■ **Exercise directions**:
Please count the lines below that contain the word "Gadd", and reply with that number alone.

■ **Data to process**:
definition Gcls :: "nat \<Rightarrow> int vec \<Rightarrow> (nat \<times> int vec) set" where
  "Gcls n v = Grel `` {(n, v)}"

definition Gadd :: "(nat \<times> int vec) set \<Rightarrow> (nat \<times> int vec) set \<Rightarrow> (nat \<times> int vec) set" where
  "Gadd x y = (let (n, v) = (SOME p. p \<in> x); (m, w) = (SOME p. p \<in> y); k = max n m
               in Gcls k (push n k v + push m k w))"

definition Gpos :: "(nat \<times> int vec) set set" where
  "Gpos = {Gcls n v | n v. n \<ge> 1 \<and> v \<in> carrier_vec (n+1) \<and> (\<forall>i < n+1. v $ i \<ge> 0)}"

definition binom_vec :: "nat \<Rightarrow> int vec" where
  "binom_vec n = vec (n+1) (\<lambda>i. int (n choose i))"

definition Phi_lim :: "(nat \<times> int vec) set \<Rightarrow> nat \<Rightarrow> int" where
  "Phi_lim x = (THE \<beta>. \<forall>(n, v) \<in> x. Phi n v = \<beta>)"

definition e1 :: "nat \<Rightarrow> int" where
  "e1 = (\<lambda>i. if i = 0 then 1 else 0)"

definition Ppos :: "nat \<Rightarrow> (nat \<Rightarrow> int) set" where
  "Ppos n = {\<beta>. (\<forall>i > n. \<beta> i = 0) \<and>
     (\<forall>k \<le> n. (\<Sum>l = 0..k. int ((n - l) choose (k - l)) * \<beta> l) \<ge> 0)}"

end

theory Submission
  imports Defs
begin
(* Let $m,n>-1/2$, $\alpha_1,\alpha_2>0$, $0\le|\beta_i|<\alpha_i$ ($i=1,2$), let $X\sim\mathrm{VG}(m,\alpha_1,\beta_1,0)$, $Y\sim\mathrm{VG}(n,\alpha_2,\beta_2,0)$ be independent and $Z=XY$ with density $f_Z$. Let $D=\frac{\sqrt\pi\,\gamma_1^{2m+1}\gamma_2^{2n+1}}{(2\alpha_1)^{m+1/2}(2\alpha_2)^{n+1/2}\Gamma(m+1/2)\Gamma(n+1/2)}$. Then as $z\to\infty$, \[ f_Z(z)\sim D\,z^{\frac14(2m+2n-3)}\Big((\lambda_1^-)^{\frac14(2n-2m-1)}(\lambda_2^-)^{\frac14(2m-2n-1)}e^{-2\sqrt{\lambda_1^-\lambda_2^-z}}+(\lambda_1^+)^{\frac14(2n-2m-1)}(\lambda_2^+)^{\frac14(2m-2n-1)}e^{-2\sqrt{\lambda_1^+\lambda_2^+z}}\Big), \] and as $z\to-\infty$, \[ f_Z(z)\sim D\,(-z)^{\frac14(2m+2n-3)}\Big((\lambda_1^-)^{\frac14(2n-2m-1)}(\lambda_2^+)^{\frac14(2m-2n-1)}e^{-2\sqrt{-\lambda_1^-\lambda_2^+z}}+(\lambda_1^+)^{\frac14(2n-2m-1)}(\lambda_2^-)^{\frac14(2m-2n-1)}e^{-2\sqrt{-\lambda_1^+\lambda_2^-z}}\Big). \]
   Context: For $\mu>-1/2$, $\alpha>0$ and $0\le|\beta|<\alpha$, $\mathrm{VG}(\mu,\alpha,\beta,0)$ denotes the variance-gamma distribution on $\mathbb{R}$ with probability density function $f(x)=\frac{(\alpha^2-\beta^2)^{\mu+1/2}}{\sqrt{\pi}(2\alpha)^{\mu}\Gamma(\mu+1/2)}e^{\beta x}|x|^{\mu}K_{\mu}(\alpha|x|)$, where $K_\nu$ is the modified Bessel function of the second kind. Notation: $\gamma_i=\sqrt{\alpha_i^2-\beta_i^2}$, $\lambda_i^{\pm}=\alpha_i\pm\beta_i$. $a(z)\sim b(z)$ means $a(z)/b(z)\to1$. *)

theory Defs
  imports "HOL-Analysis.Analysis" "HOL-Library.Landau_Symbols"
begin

■ **Solution for this exercise**:
2